■ **THE PROBLEM**
Your answer is the lines below, exactly, from the one that contains "kron A (1\<^sub>m k) *" through the one that contains "mat (d*l) (d*l) (\<lambda>(r,s).", both included.

Collected data:

* * * * * * *

(* Let $M=\bigoplus_aB(H_a)$ and $N=\bigoplus_bB(K_b)$ be finite-dimensional algebras, $H=\bigoplus_aH_a$, and let $V\subseteq B(H)\otimes N^{op}$ be a symmetric decomposable quantum multi-relation. Then there exists a completely positive map $\Phi:M\to N$ such that $\tilde S_\Phi=V$, where $\tilde S_\Phi$ is the confusability multigraph of $\Phi$.
   Context: All Hilbert spaces are finite dimensional; inner products linear in the second variable; $\theta_{\xi,\eta}(\eta')=\langle\eta,\eta'\rangle\xi$. $M\subseteq B(H)$ and $N\subseteq B(K)$, $K=\bigoplus_bK_b$, act block-diagonally. $N^{op}$ is the opposite algebra (product $a*b=ba$), identified via $\pi_{op}(T)\overline\xi=\overline{T^*\xi}$ with $\bigoplus_bB(\overline{K_b})\subseteq B(\overline K)$. A quantum multi-relation on a pair $(M,N_0)$, $N_0\subseteq B(L)$, is a subspace $V\subseteq B(H)\otimes N_0$ which is an $(M'\otimes1)$–$(M'\otimes1)$ bimodule with $(1\otimes Z(N_0))V\subseteq V$; it is symmetric if $V^*=V$. For a single block $N_0=B(L)$, let $\sigma:B(\overline L,H)\otimes B(H,\overline L)\to B(H)\otimes B(L)$ be the linear isomorphism $\sigma(\theta_{\xi_1,\overline{\eta_1}}\otimes\theta_{\overline{\eta_2},\xi_2})=\theta_{\xi_1,\xi_2}\otimes\theta_{\eta_1,\eta_2}$; $V$ is decomposable if $V=\sigma(V_1\otimes V_2)$ for some subspaces $V_1\subseteq B(\overline L,H)$, $V_2\subseteq B(H,\overline L)$. For $N_0=\bigoplus_b B(L_b)$, $V$ is decomposable if for each $b$ the compression $V_b=(\mathrm{id}\otimes j_b)(V)\subseteq B(H)\otimes B(L_b)$ is decomposable, where $j_b$ compresses to the $b$-th block; here this is applied with $N_0=N^{op}\cong\bigoplus_bB(\overline{K_b})$. Confusability multigraph of a CP map $\Phi:M\to N$: with $\{e^a_i\}$ an orthonormal basis of $H_a$ and $e^a_{ij}$ matrix units, let $C_\Phi=\sum_{i,j,a}e^a_{ij}\otimes\Phi(e^a_{ji})\in B(H)\otimes N^{op}\cong\mathcal{L}(\mathcal{M}_\Phi)$, where $\mathcal{M}_\Phi=H\otimes N^{op}$ is the right Hilbert $N^{op}$-module with $(\xi\otimes a)*x=\xi\otimes(a*x)$ and $\langle\xi\otimes a,\eta\otimes b\rangle=\langle\xi,\eta\rangle a^**b$. A Stinespring module is a pair $(\mathcal{E},W)$, $\mathcal{E}$ a Hilbert $N^{op}$-module and $W$ an adjointable module map $\mathcal{M}_\Phi\to\mathcal{E}$ with $W^*W=C_\Phi$; then $\tilde S_\Phi=W^*\mathcal{L}(\mathcal{E})W\subseteq B(H)\otimes N^{op}$ (independent of the choice). *)

theory Defs
  imports Complex_Main "Jordan_Normal_Form.Matrix"
begin

text \<open>A list ns of block sizes describes
  M = (+)_a B(H_a) acting block-diagonally on H = C^d, d = sum ns;
  a list ms describes N = (+)_b B(K_b) acting on K = C^k, k = sum ms.
  Operators are complex matrices (Jordan_Normal_Form), H (x) K is C^(d*k)
  with index i*k+p, and the tensor product of operators is the Kronecker product.\<close>

type_synonym cmat = "complex mat"

definition tdim :: "nat list \<Rightarrow> nat" where "tdim ns = sum_list ns"

definition boff :: "nat list \<Rightarrow> nat \<Rightarrow> nat" where
  "boff ns a = sum_list (take a ns)"

definition blk :: "nat list \<Rightarrow> nat \<Rightarrow> nat" where
  "blk ns i = (LEAST a. i < sum_list (take (Suc a) ns))"

definition adj :: "cmat \<Rightarrow> cmat" where
  "adj A = mat (dim_col A) (dim_row A) (\<lambda>(i,j). cnj (A $$ (j,i)))"

definition kron :: "cmat \<Rightarrow> cmat \<Rightarrow> cmat" where
  "kron A B = mat (dim_row A * dim_row B) (dim_col A * dim_col B)
     (\<lambda>(i,j). A $$ (i div dim_row B, j div dim_col B) * B $$ (i mod dim_row B, j mod dim_col B))"

definition munit :: "nat \<Rightarrow> nat \<Rightarrow> nat \<Rightarrow> nat \<Rightarrow> cmat" where
  "munit r c i j = mat r c (\<lambda>(p,q). if p = i \<and> q = j then 1 else 0)"

definition msum :: "nat \<Rightarrow> nat \<Rightarrow> ('x \<Rightarrow> cmat) \<Rightarrow> 'x set \<Rightarrow> cmat" where
  "msum r c f S = mat r c (\<lambda>ij. \<Sum>x\<in>S. f x $$ ij)"

inductive_set mspan :: "nat \<Rightarrow> nat \<Rightarrow> cmat set \<Rightarrow> cmat set" for r c S where
  mspan_zero: "0\<^sub>m r c \<in> mspan r c S"
| mspan_base: "x \<in> S \<Longrightarrow> x \<in> mspan r c S"
| mspan_add: "x \<in> mspan r c S \<Longrightarrow> y \<in> mspan r c S \<Longrightarrow> x + y \<in> mspan r c S"
| mspan_smult: "x \<in> mspan r c S \<Longrightarrow> (a::complex) \<cdot>\<^sub>m x \<in> mspan r c S"

definition msubspace :: "nat \<Rightarrow> nat \<Rightarrow> cmat set \<Rightarrow> bool" where
  "msubspace r c V \<longleftrightarrow> V \<subseteq> carrier_mat r c \<and> 0\<^sub>m r c \<in> V \<and>
     (\<forall>x\<in>V. \<forall>y\<in>V. x + y \<in> V) \<and> (\<forall>x\<in>V. \<forall>a::complex. a \<cdot>\<^sub>m x \<in> V)"

definition blockalg :: "nat list \<Rightarrow> cmat set" where
  "blockalg ns = {X \<in> carrier_mat (tdim ns) (tdim ns).
      \<forall>i < tdim ns. \<forall>j < tdim ns. blk ns i \<noteq> blk ns j \<longrightarrow> X $$ (i,j) = 0}"

definition commutant :: "nat \<Rightarrow> cmat set \<Rightarrow> cmat set" where
  "commutant n S = {X \<in> carrier_mat n n. \<forall>Y\<in>S. X * Y = Y * X}"

definition center :: "nat \<Rightarrow> cmat set \<Rightarrow> cmat set" where
  "center n S = S \<inter> commutant n S"

text \<open>N^op, realised via pi_op as an algebra on conj(K) = C^k: pi_op(T) = T^t
  (in the basis conj(e_p) of conj(K)); it is (+)_b B(conj(K_b)).\<close>
definition Nop :: "nat list \<Rightarrow> cmat set" where
  "Nop ms = transpose_mat ` blockalg ms"

text \<open>algebraic tensor product B(C^c, C^r) (x) N^op inside B(C^c (x) conj K, C^r (x) conj K)\<close>
definition tensN :: "nat \<Rightarrow> nat \<Rightarrow> nat list \<Rightarrow> cmat set" where
  "tensN r c ms = mspan (r * tdim ms) (c * tdim ms)
      {kron X Y | X Y. X \<in> carrier_mat r c \<and> Y \<in> Nop ms}"

definition qmr :: "nat list \<Rightarrow> nat list \<Rightarrow> cmat set \<Rightarrow> bool" where
  "qmr ns ms V \<longleftrightarrow>
     (let d = tdim ns; k = tdim ms in
       msubspace (d*k) (d*k) V \<and> V \<subseteq> tensN d d ms \<and>
       (\<forall>A \<in> commutant d (blockalg ns). \<forall>v\<in>V.
           kron A (1\<^sub>m k) * v \<in> V \<and> v * kron A (1\<^sub>m k) \<in> V) \<and>
       (\<forall>Z \<in> center k (Nop ms). \<forall>v\<in>V. kron (1\<^sub>m d) Z * v \<in> V))"

definition symmetric_qmr :: "cmat set \<Rightarrow> bool" where
  "symmetric_qmr V \<longleftrightarrow> adj ` V = V"

text \<open>compression (id (x) j_b): B(H) (x) N^op -> B(H) (x) B(conj K_b)\<close>
definition compress :: "nat list \<Rightarrow> nat list \<Rightarrow> nat \<Rightarrow> cmat \<Rightarrow> cmat" where
  "compress ns ms b v =
     (let d = tdim ns; k = tdim ms; l = ms ! b; ob = boff ms b in
       mat (d*l) (d*l) (\<lambda>(r,s). v $$ ((r div l) * k + ob + r mod l, (s div l) * k + ob + s mod l)))"

text \<open>sigma : B(conj L, H) (x) B(H, conj L) -> B(H) (x) B(L) on elementary tensors,
  in coordinates (H = C^d, L = C^l):
  sigma(e_ip (x) e_qj) = e_ij (x) e_pq, i.e. sigma(x (x) y) has (i,j,p,q)-entry x_ip y_qj.\<close>
definition sigma :: "nat \<Rightarrow> nat \<Rightarrow> cmat \<Rightarrow> cmat \<Rightarrow> cmat" where
  "sigma d l x y = mat (d*l) (d*l)
     (\<lambda>(r,s). x $$ (r div l, r mod l) * y $$ (s mod l, s div l))"

definition decomposable_single :: "nat \<Rightarrow> nat \<Rightarrow> cmat set \<Rightarrow> bool" where
  "decomposable_single d l W \<longleftrightarrow>
     (\<exists>V1 V2. msubspace d l V1 \<and> msubspace l d V2 \<and>
        W = mspan (d*l) (d*l) {sigma d l x y | x y. x \<in> V1 \<and> y \<in> V2})"

definition decomposable :: "nat list \<Rightarrow> nat list \<Rightarrow> cmat set \<Rightarrow> bool" where
  "decomposable ns ms V \<longleftrightarrow>
     (\<forall>b < length ms. decomposable_single (tdim ns) (ms ! b) (compress ns ms b ` V))"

* * * * * * *

■ **WRITTEN SOLUTION**
           kron A (1\<^sub>m k) * v \<in> V \<and> v * kron A (1\<^sub>m k) \<in> V) \<and>
       (\<forall>Z \<in> center k (Nop ms). \<forall>v\<in>V. kron (1\<^sub>m d) Z * v \<in> V))"

definition symmetric_qmr :: "cmat set \<Rightarrow> bool" where
  "symmetric_qmr V \<longleftrightarrow> adj ` V = V"

text \<open>compression (id (x) j_b): B(H) (x) N^op -> B(H) (x) B(conj K_b)\<close>
definition compress :: "nat list \<Rightarrow> nat list \<Rightarrow> nat \<Rightarrow> cmat \<Rightarrow> cmat" where
  "compress ns ms b v =
     (let d = tdim ns; k = tdim ms; l = ms ! b; ob = boff ms b in
       mat (d*l) (d*l) (\<lambda>(r,s). v $$ ((r div l) * k + ob + r mod l, (s div l) * k + ob + s mod l)))"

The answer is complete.